* [TASK INSTRUCTIONS] In the records that follow, locate every line with "model" and extract it.

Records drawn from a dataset
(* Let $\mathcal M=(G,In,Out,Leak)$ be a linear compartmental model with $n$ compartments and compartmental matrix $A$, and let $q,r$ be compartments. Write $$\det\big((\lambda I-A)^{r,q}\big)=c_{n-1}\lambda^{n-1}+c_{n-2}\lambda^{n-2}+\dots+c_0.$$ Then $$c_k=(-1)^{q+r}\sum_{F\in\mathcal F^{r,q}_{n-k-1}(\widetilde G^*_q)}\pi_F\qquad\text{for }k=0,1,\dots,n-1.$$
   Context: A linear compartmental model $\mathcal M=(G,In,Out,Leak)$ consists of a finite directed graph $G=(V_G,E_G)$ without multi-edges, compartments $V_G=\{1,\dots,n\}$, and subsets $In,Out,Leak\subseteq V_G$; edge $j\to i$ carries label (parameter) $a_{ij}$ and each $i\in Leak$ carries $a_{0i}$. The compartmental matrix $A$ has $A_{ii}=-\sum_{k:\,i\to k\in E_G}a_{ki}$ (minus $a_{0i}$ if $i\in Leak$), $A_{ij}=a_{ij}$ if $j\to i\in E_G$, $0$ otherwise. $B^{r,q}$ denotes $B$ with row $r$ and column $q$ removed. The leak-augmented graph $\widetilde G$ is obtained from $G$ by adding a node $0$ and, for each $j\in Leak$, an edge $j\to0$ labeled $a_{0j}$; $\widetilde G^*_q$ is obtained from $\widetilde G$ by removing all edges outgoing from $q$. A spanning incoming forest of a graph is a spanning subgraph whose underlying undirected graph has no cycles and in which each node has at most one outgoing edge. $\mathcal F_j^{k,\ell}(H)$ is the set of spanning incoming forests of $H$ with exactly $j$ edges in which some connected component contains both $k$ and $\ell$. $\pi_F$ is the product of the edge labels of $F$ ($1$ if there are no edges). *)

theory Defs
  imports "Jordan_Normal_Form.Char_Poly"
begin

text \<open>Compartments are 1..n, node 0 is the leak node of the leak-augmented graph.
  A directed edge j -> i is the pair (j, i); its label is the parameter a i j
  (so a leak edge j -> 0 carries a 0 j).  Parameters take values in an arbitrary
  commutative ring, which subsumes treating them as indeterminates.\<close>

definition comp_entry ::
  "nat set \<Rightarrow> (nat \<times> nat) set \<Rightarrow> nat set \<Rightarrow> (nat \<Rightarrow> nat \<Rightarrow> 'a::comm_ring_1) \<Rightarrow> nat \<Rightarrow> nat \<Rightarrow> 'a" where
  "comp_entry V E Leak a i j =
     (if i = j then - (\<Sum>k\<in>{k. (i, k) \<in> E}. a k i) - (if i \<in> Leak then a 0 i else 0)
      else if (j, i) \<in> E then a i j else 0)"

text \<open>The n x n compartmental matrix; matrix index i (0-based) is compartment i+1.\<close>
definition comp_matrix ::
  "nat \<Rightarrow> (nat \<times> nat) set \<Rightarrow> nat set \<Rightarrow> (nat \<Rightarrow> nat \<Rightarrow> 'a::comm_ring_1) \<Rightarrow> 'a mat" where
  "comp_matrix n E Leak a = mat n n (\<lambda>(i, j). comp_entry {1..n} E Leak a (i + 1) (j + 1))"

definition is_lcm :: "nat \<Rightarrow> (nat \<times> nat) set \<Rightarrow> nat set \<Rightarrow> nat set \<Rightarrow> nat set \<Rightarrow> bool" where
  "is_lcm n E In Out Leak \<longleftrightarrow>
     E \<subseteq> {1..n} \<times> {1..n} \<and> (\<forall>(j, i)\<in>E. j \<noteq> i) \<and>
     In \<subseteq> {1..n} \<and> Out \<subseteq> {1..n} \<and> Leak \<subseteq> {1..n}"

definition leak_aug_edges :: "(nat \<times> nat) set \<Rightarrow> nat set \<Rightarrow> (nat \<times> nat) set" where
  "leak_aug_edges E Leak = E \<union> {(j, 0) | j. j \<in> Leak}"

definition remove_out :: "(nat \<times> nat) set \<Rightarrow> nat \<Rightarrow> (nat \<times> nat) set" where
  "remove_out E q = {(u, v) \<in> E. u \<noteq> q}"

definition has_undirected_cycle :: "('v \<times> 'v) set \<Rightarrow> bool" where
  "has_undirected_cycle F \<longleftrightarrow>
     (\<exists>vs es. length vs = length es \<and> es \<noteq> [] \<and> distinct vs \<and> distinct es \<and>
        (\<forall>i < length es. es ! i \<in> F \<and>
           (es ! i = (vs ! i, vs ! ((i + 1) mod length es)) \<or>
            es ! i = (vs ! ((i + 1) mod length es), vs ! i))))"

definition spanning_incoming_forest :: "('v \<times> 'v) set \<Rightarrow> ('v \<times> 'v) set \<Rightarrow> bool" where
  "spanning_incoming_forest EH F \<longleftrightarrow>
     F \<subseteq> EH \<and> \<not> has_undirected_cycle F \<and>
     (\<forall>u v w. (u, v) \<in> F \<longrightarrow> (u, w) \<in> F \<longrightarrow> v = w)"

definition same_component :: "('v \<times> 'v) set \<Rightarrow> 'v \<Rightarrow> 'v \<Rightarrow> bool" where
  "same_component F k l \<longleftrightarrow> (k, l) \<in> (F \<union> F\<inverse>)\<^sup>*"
* * *
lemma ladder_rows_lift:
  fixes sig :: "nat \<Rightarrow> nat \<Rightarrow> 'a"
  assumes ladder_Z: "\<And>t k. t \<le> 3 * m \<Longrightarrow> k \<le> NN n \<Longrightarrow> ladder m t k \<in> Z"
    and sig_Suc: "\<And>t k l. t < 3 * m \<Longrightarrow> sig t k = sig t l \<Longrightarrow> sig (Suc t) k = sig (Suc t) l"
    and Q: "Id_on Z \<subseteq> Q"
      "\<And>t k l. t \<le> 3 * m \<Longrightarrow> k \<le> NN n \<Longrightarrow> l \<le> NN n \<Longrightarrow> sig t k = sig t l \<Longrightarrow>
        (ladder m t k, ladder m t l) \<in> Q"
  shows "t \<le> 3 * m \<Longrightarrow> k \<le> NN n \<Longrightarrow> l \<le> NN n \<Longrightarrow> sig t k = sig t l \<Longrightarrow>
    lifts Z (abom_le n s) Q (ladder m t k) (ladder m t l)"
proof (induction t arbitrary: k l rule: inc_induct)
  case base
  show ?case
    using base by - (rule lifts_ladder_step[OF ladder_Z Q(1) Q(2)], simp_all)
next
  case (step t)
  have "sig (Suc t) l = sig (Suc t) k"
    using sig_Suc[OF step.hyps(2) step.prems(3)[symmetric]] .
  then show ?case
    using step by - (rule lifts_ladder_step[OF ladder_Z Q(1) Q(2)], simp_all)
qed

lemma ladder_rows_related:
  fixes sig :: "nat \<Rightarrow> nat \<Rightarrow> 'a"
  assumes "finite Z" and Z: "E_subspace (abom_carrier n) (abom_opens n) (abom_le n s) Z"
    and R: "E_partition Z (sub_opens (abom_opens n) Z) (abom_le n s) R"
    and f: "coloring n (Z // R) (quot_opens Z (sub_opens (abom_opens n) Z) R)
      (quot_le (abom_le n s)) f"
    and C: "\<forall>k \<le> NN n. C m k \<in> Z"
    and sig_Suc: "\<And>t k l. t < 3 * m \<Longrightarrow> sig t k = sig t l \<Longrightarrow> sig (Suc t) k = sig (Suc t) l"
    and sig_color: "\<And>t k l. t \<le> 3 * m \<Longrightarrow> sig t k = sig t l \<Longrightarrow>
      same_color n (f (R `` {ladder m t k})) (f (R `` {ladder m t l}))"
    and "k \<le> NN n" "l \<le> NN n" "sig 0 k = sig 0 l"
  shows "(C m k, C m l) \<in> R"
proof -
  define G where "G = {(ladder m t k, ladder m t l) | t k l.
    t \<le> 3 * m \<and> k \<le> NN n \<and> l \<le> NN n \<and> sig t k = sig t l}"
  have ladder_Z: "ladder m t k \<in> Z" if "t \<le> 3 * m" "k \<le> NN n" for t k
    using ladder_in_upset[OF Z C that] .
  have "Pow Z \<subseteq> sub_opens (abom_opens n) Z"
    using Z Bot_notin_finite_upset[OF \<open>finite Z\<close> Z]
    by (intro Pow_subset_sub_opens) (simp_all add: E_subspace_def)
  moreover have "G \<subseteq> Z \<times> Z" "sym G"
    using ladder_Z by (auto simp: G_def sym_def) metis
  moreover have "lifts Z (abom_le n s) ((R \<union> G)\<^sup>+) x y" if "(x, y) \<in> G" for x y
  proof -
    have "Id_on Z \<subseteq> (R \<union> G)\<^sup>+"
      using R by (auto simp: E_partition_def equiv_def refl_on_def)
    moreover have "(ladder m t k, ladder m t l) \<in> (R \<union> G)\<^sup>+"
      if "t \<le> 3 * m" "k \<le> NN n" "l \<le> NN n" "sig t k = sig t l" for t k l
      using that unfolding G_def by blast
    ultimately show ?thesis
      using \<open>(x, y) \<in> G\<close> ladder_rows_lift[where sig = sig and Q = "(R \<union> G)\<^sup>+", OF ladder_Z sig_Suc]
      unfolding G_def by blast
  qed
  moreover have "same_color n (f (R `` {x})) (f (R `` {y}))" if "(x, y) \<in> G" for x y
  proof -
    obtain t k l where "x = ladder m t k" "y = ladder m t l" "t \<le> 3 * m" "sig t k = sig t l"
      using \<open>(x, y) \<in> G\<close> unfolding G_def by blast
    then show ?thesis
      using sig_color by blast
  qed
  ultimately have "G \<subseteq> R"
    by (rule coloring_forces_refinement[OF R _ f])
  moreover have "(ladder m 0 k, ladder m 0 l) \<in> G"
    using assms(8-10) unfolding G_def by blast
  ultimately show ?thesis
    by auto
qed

* [SOLUTION TO THE EXERCISE]
(* Let $\mathcal M=(G,In,Out,Leak)$ be a linear compartmental model with $n$ compartments and compartmental matrix $A$, and let $q,r$ be compartments. Write $$\det\big((\lambda I-A)^{r,q}\big)=c_{n-1}\lambda^{n-1}+c_{n-2}\lambda^{n-2}+\dots+c_0.$$ Then $$c_k=(-1)^{q+r}\sum_{F\in\mathcal F^{r,q}_{n-k-1}(\widetilde G^*_q)}\pi_F\qquad\text{for }k=0,1,\dots,n-1.$$
   Context: A linear compartmental model $\mathcal M=(G,In,Out,Leak)$ consists of a finite directed graph $G=(V_G,E_G)$ without multi-edges, compartments $V_G=\{1,\dots,n\}$, and subsets $In,Out,Leak\subseteq V_G$; edge $j\to i$ carries label (parameter) $a_{ij}$ and each $i\in Leak$ carries $a_{0i}$. The compartmental matrix $A$ has $A_{ii}=-\sum_{k:\,i\to k\in E_G}a_{ki}$ (minus $a_{0i}$ if $i\in Leak$), $A_{ij}=a_{ij}$ if $j\to i\in E_G$, $0$ otherwise. $B^{r,q}$ denotes $B$ with row $r$ and column $q$ removed. The leak-augmented graph $\widetilde G$ is obtained from $G$ by adding a node $0$ and, for each $j\in Leak$, an edge $j\to0$ labeled $a_{0j}$; $\widetilde G^*_q$ is obtained from $\widetilde G$ by removing all edges outgoing from $q$. A spanning incoming forest of a graph is a spanning subgraph whose underlying undirected graph has no cycles and in which each node has at most one outgoing edge. $\mathcal F_j^{k,\ell}(H)$ is the set of spanning incoming forests of $H$ with exactly $j$ edges in which some connected component contains both $k$ and $\ell$. $\pi_F$ is the product of the edge labels of $F$ ($1$ if there are no edges). *)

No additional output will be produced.